YOUR GOAL:
Copy, from the entries below, each line where the word "that" can be found.

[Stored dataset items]

text \<open>Let \<open>M\<close> be P1's best payoff in the sequential game and \<open>I\<close> the set of its maximisers.
  Since \<open>M > \<kappa>\<close>, every \<open>i \<in> I\<close> is on track with progress \<open>M \<ge> 0\<close>. By hypothesis P2 can beat
  the collision payoff \<open>\<lambda>\<close> against every \<open>i \<in> I\<close>, so each best response to \<open>i\<close> is on track
  and collision-free, and P1 earns exactly \<open>M\<close> on it in the cooperative game. Every entry of the
  cooperative game is at most \<open>max \<lambda> M = M\<close>, and strictly less outside the rows \<open>I\<close>. In a
  bimatrix game with such a leader bound, both the Stackelberg equilibria and the
  leader-optimal Nash equilibria are exactly the pairs (row in \<open>I\<close>, best response).\<close>

lemma argmax_on_eq_Max:
  assumes "finite S"
  shows "argmax_on S f = {x \<in> S. f x = Max (f ` S)}"
proof -
  have "f x = Max (f ` S) \<longleftrightarrow> (\<forall>y \<in> S. f y \<le> f x)" if "x \<in> S" for x
  proof -
    have "f x \<le> Max (f ` S)" using assms that by simp
    moreover have "Max (f ` S) \<le> f x \<longleftrightarrow> (\<forall>y \<in> S. f y \<le> f x)"
      using assms that by (subst Max_le_iff) auto
    ultimately show ?thesis by linarith
  qed
  then show ?thesis unfolding argmax_on_def by auto
qed

lemma argmax_on_nonempty:
  assumes "finite S" "S \<noteq> {}"
  shows "argmax_on S f \<noteq> {}"
proof -
  obtain x where "x \<in> S" "f x = Max (f ` S)"
    using Max_in[OF finite_imageI[OF assms(1)]] assms(2) by (metis image_is_empty imageE)
  then have "x \<in> argmax_on S f" using argmax_on_eq_Max[OF assms(1)] by simp
  then show ?thesis by blast
qed

lemma argmax_on_eq_if_strict_bound:
  assumes "I \<subseteq> S" "I \<noteq> {}"
    and "\<forall>x \<in> I. f x = M" and "\<forall>x \<in> S - I. f x < M"
  shows "argmax_on S f = I"
proof -
  have le: "f x \<le> M" if "x \<in> S" for x
    using assms that by (metis DiffI less_eq_real_def)
  obtain x0 where "x0 \<in> I" using assms(2) by blast
  then have "x \<in> I" if "x \<in> S" "\<forall>y \<in> S. f y \<le> f x" for x
    using that assms by (metis DiffI in_mono not_le)
  then show ?thesis
    using assms le unfolding argmax_on_def by auto
qed

lemma best_resp_nonempty: "finite G2 \<Longrightarrow> G2 \<noteq> {} \<Longrightarrow> best_resp G2 b i \<noteq> {}"
  unfolding best_resp_def by (rule argmax_on_nonempty)

lemma best_resp_subset: "best_resp G2 b i \<subseteq> G2"
  unfolding best_resp_def argmax_on_def by auto

context
  fixes G1 G2 :: "nat set" and a b :: "nat \<Rightarrow> nat \<Rightarrow> real" and I :: "nat set" and M :: real
  assumes G2: "finite G2" "G2 \<noteq> {}"
    and I: "I \<subseteq> G1" "I \<noteq> {}"
    and attained: "\<forall>i \<in> I. \<forall>j \<in> best_resp G2 b i. a i j = M"
    and below: "\<forall>i \<in> G1 - I. \<forall>j \<in> G2. a i j < M"
begin

lemma stackelberg_eq_eq_bound_maximisers:
  "stackelberg_eq G1 G2 a b = {(i, j). i \<in> I \<and> j \<in> best_resp G2 b i}"
proof -
  define v where "v i = Min ((\<lambda>j. a i j) ` best_resp G2 b i)" for i
  have finite_R: "finite (best_resp G2 b i)" for i
    using finite_subset[OF best_resp_subset G2(1)] .
  have "v i = M" if "i \<in> I" for i
  proof -
    have "(\<lambda>j. a i j) ` best_resp G2 b i = {M}"
      using attained that best_resp_nonempty[OF G2, of b i] by auto
    then show ?thesis unfolding v_def by simp
  qed
  moreover have "v i < M" if "i \<in> G1 - I" for i
  proof -
    obtain j where j: "j \<in> best_resp G2 b i" using best_resp_nonempty[OF G2] by blast
    then have "v i \<le> a i j" unfolding v_def using finite_R by simp
    also have "\<dots> < M" using below that j best_resp_subset by blast
    finally show ?thesis .
  qed
  ultimately have "argmax_on G1 v = I"
    by (intro argmax_on_eq_if_strict_bound[OF I]) auto
  then show ?thesis unfolding stackelberg_eq_def v_def by simp
qed
(* For all real numbers $w,z$ there exists an infinitely differentiable strictly increasing bijection $t:\mathbb{R}\to\mathbb{R}$ such that $t(w)=z$ and $t(x)\sim_F^* x$ for every $x<w$.
   Context: Let $h:\mathbb{R}\to\mathbb{R}$ be $h(x)=0$ for $x\le 0$ and $h(x)=e^{-1/x}$ for $x>0$, and let $s:[0,1]\to[0,1]$ be $s(x)=\frac{h(x)}{h(x)+h(1-x)}$. For points $A=(p_1,q_1)$, $B=(p_2,q_2)$ in $\mathbb{R}^2$ with $p_1<p_2$ and $q_1<q_2$, define $s_{AB}:[p_1,p_2]\to[q_1,q_2]$ by $s_{AB}(x)=(q_2-q_1)\, s\!\left(\frac{x-p_1}{p_2-p_1}\right)+q_1$. A rational pair is a point of $\mathbb{R}^2$ with both coordinates rational. Let $F=\{s_{AB}: A,B \text{ rational pairs}, A=(p_1,q_1), B=(p_2,q_2), p_1<p_2, q_1<q_2\}$. For $x,y\in\mathbb{R}$, write $x\sim_F y$ if there is $g\in F$ with $g(x)=y$ or $g^{-1}(x)=y$. Write $x\sim_F^* y$ if there is a finite sequence $x=x_1\sim_F x_2\sim_F\cdots\sim_F x_n=y$ with $n\ge 1$. *)

theory Defs
  imports "HOL-Analysis.Analysis"
begin

definition hfun :: "real \<Rightarrow> real" where
  "hfun x = (if x \<le> 0 then 0 else exp (- 1 / x))"

definition sfun :: "real \<Rightarrow> real" where
  "sfun x = hfun x / (hfun x + hfun (1 - x))"

definition sAB :: "real \<times> real \<Rightarrow> real \<times> real \<Rightarrow> real \<Rightarrow> real" where
  "sAB A B x = (snd B - snd A) * sfun ((x - fst A) / (fst B - fst A)) + snd A"

definition rational_pair :: "real \<times> real \<Rightarrow> bool" where
  "rational_pair P \<longleftrightarrow> fst P \<in> \<rat> \<and> snd P \<in> \<rat>"

definition admissible :: "real \<times> real \<Rightarrow> real \<times> real \<Rightarrow> bool" where
  "admissible A B \<longleftrightarrow> rational_pair A \<and> rational_pair B \<and> fst A < fst B \<and> snd A < snd B"

text \<open>x ~_F y: some g = s_AB in F (domain [p1,p2], range [q1,q2]) has g(x) = y or g^{-1}(x) = y.\<close>
definition simF :: "real \<Rightarrow> real \<Rightarrow> bool" where
  "simF x y \<longleftrightarrow> (\<exists>A B. admissible A B \<and>
      ((x \<in> {fst A..fst B} \<and> sAB A B x = y) \<or>
       (y \<in> {fst A..fst B} \<and> sAB A B y = x)))"

definition simF_star :: "real \<Rightarrow> real \<Rightarrow> bool" where
  "simF_star = simF\<^sup>*\<^sup>*"

definition smooth :: "(real \<Rightarrow> real) \<Rightarrow> bool" where
  "smooth t \<longleftrightarrow> (\<forall>n x. ((deriv ^^ n) t) differentiable (at x))"

end

theory Submission
  imports Defs "HOL-Computational_Algebra.Polynomial"
begin

text \<open>
  Choose rational knots \<open>(K n, V n)\<close>, \<open>n \<in> \<int>\<close>, increasing in both coordinates, tending to
  \<open>(w, z)\<close> as \<open>n \<rightarrow> \<infinity>\<close> and to \<open>-\<infinity>\<close> in both coordinates as \<open>n \<rightarrow> -\<infinity>\<close>. On
  \<open>[K n, K (n + 1)]\<close> let \<open>t\<close> be \<open>s\<^sub>A\<^sub>B\<close> with \<open>A = (K n, V n)\<close> and \<open>B = (K (n + 1), V (n + 1))\<close>.
  Since \<open>s\<close> is constant near \<open>0\<close> and near \<open>1\<close>, these pieces fit together to a smooth increasing
  bijection from \<open>(-\<infinity>, w)\<close> onto \<open>(-\<infinity>, z)\<close>, and \<open>t x \<sim>\<^sub>F x\<close> there by construction. The point
  reflection \<open>t (2 w - x) = 2 z - t x\<close> extends \<open>t\<close> to all of \<open>\<real>\<close>. The \<open>k\<close>-th derivative of the
  \<open>n\<close>-th piece is bounded by a constant times \<open>(V (n + 1) - V n) / (K (n + 1) - K n)\<^sup>k\<close>; taking the
  gaps of \<open>V\<close> small against every power of the gaps of \<open>K\<close> makes all derivatives tend to \<open>0\<close>
  at \<open>w\<close>, so \<open>t\<close> is smooth at \<open>w\<close> as well.
\<close>

section \<open>Smooth functions\<close>

lemma smooth_differentiable: "smooth f \<Longrightarrow> f differentiable (at x)"
  unfolding smooth_def by (metis funpow_0)
lemma h_eq_iff: "h m = h n \<longleftrightarrow> [m = n] (mod int p)"
  using h_eq_zero_iff[of "m - n"] by (simp add: h_simps cong_iff_dvd_diff)

definition frob :: "'a \<Rightarrow> 'a" where
  "frob x = x [^] p"

lemma frob_closed [simp]: "x \<in> carrier L \<Longrightarrow> frob x \<in> carrier L"
  unfolding frob_def by simp

lemma frob_add: "x \<in> carrier L \<Longrightarrow> y \<in> carrier L \<Longrightarrow> frob (x \<oplus> y) = frob x \<oplus> frob y"
  unfolding frob_def using add_nat_pow_prime[OF type_ring_hom_h _ prime_p] h_eq_zero_iff by simp

lemma frob_mult: "x \<in> carrier L \<Longrightarrow> y \<in> carrier L \<Longrightarrow> frob (x \<otimes> y) = frob x \<otimes> frob y"
  unfolding frob_def by (simp add: nat_pow_distrib)

lemma frob_zero [simp]: "frob \<zero> = \<zero>"
  unfolding frob_def using prime_gt_0_nat[OF prime_p] by (simp add: nat_pow_zero)

lemma frob_one [simp]: "frob \<one> = \<one>"
  unfolding frob_def by simp

lemma frob_uminus: "x \<in> carrier L \<Longrightarrow> frob (\<ominus> x) = \<ominus> frob x"
  using frob_add[of "\<ominus> x" x] by (intro minus_equality[symmetric]) (auto simp: l_neg)

lemma frob_diff: "x \<in> carrier L \<Longrightarrow> y \<in> carrier L \<Longrightarrow> frob (x \<ominus> y) = frob x \<ominus> frob y"
  by (simp add: a_minus_def frob_add frob_uminus)

lemma frob_power: "x \<in> carrier L \<Longrightarrow> frob (x [^] (k::nat)) = frob x [^] k"
  by (induction k) (auto simp: frob_mult)

lemma frob_h [simp]: "frob (h n) = h n"
proof -
  have "frob (h (int k)) = h (int k)" for k
  proof (induction k)
    case (Suc k)
    have "h (int (Suc k)) = h (int k) \<oplus> \<one>"
      using h_add[of "int k" 1] by (simp add: h_one add.commute)
    then show ?case
      using Suc by (simp add: frob_add)
  qed (simp add: h_simps)
  moreover have "h n = h (int (nat (n mod int p)))"
    using prime_gt_0_nat[OF prime_p] by (simp add: h_eq_iff cong_mod_right)
  ultimately show ?thesis
    by metis
qed

lemma frob_inj:
  assumes x: "x \<in> carrier L" and y: "y \<in> carrier L" and eq: "frob x = frob y"
  shows "x = y"
proof -
  have "(x \<ominus> y) [^] p = \<zero>"
    using eq x y by (simp flip: frob_def add: frob_diff)
  then have "x \<ominus> y \<notin> Units L"
    using Units_pow_closed[of "x \<ominus> y" p] field_Units by auto
  then have "x \<ominus> y = \<zero>"
    using x y field_Units by auto
  then show ?thesis
    using x y by simp
qed

text \<open>\<open>P\<close> is \<open>X\<^sup>p - X\<close> in the list representation of polynomials (leading coefficient first).\<close>
lemma frob_fixed_points_card:
  shows "finite {x \<in> carrier L. frob x = x}" and "card {x \<in> carrier L. frob x = x} \<le> p"
proof -
  define P where "P = (\<one> # replicate (p - 2) \<zero>) @ [\<ominus> \<one>, \<zero>]"
  have P: "P \<in> carrier (poly_ring L)"
    unfolding P_def univ_poly_def polynomial_def by auto
  have p2: "p \<ge> 2"
    using prime_ge_2_nat[OF prime_p] .
  have eval_P: "eval P y = frob y \<ominus> y" if y: "y \<in> carrier L" for y
  proof -
    have "eval P y = y [^] (p - 2) \<otimes> y [^] (2::nat) \<oplus> eval [\<ominus> \<one>, \<zero>] y"
      unfolding P_def using y eval_replicate[of "[]" y "p - 2"]
      by (subst eval_append) (auto simp: numeral_2_eq_2)
    also have "y [^] (p - 2) \<otimes> y [^] (2::nat) = frob y"
      unfolding frob_def using y p2 by (metis nat_pow_mult le_add_diff_inverse2)
    finally show ?thesis
      using y by (simp add: a_minus_def l_minus)
  qed
  have roots: "{x \<in> carrier L. frob x = x} \<subseteq> set_mset (roots P)"
  proof
    fix y assume "y \<in> {x \<in> carrier L. frob x = x}"
    then have y: "y \<in> carrier L" and "frob y = y"
      by auto
    then have "is_root P y"
      unfolding is_root_def P_def using eval_P[OF y] by (simp add: P_def)
    then show "y \<in> set_mset (roots P)"
      using roots_mem_iff_is_root[OF P] by auto
  qed
  then show "finite {x \<in> carrier L. frob x = x}"
    using finite_subset by blast
  have "card {x \<in> carrier L. frob x = x} \<le> card (set_mset (roots P))"
    using roots by (intro card_mono) auto
  also have "\<dots> = size (mset_set (set_mset (roots P)))"
    by simp
  also have "\<dots> \<le> size (roots P)"
    by (intro size_mset_mono mset_set_set_mset_msubset)
  also have "\<dots> \<le> p"
    using size_roots_le_degree[OF P] p2 by (simp add: P_def)
  finally show "card {x \<in> carrier L. frob x = x} \<le> p" .
qed

text \<open>The \<open>p\<close> distinct elements \<open>h 0, \<dots>, h (p - 1)\<close> are fixed already.\<close>
lemma frob_fixed_imp_int:
  assumes x: "x \<in> carrier L" and fixed: "frob x = x"
  shows "\<exists>n. x = h n"
proof -
  define S where "S = (\<lambda>i. h (int i)) ` {..<p}"
  have "inj_on (\<lambda>i. h (int i)) {..<p}"
  proof (rule inj_onI)
    fix i j assume "i \<in> {..<p}" "j \<in> {..<p}" "h (int i) = h (int j)"
    then show "i = j"
      by (simp add: h_eq_iff cong_int_iff cong_less_modulus_unique_nat)
  qed
  then have "card {x \<in> carrier L. frob x = x} \<le> card S"
    unfolding S_def using frob_fixed_points_card(2) by (simp add: card_image)
  moreover have sub: "S \<subseteq> {x \<in> carrier L. frob x = x}"
    unfolding S_def by auto
  ultimately have "card S = card {x \<in> carrier L. frob x = x}"
    using card_mono[OF frob_fixed_points_card(1) sub] by simp
  then have "S = {x \<in> carrier L. frob x = x}"
    by (rule card_subset_eq[OF frob_fixed_points_card(1) sub])
  then show ?thesis
    using x fixed unfolding S_def by blast
qed


lemma frob_permutes_others_if_fixes_one:
  assumes closed: "u1 \<in> carrier L" "u2 \<in> carrier L" "u3 \<in> carrier L"
    and fixed: "frob u1 = u1"
    and e1: "frob (u1 \<oplus> u2 \<oplus> u3) = u1 \<oplus> u2 \<oplus> u3"
    and e2: "frob (u1 \<otimes> u2 \<oplus> u1 \<otimes> u3 \<oplus> u2 \<otimes> u3) = u1 \<otimes> u2 \<oplus> u1 \<otimes> u3 \<oplus> u2 \<otimes> u3"
  shows "(frob u2 = u2 \<and> frob u3 = u3) \<or> (frob u2 = u3 \<and> frob u3 = u2)"
proof -
  have sum: "frob u2 \<oplus> frob u3 = u2 \<oplus> u3"
    using e1 closed fixed by (simp add: frob_add a_assoc)
  then have distr: "u1 \<otimes> frob u2 \<oplus> u1 \<otimes> frob u3 = u1 \<otimes> u2 \<oplus> u1 \<otimes> u3"
    using closed by (simp flip: r_distr)
  have "frob u2 \<otimes> frob u3 \<oplus> (u1 \<otimes> u2 \<oplus> u1 \<otimes> u3)
      = u1 \<otimes> frob u2 \<oplus> u1 \<otimes> frob u3 \<oplus> frob u2 \<otimes> frob u3"
    unfolding distr[symmetric] using closed by (simp add: a_comm[of "frob u2 \<otimes> frob u3"])
  also have "\<dots> = frob (u1 \<otimes> u2 \<oplus> u1 \<otimes> u3 \<oplus> u2 \<otimes> u3)"
    using closed fixed by (simp add: frob_add frob_mult)
  also have "\<dots> = u2 \<otimes> u3 \<oplus> (u1 \<otimes> u2 \<oplus> u1 \<otimes> u3)"
    using e2 closed by (simp add: a_comm[of "u2 \<otimes> u3"])
  finally have prod: "frob u2 \<otimes> frob u3 = u2 \<otimes> u3"
    using closed by simp
  show ?thesis
    using eq_or_swap_if_same_sum_prod[OF _ _ _ _ sum prod] closed by auto
qed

EXERCISE SOLUTION:
    have "f x \<le> Max (f ` S)" using assms that by simp
      using assms that by (subst Max_le_iff) auto
    using assms that by (metis DiffI less_eq_real_def)
    using that assms by (metis DiffI in_mono not_le)
      using attained that best_resp_nonempty[OF G2, of b i] by auto
    also have "\<dots> < M" using below that j best_resp_subset by blast
(* For all real numbers $w,z$ there exists an infinitely differentiable strictly increasing bijection $t:\mathbb{R}\to\mathbb{R}$ such that $t(w)=z$ and $t(x)\sim_F^* x$ for every $x<w$.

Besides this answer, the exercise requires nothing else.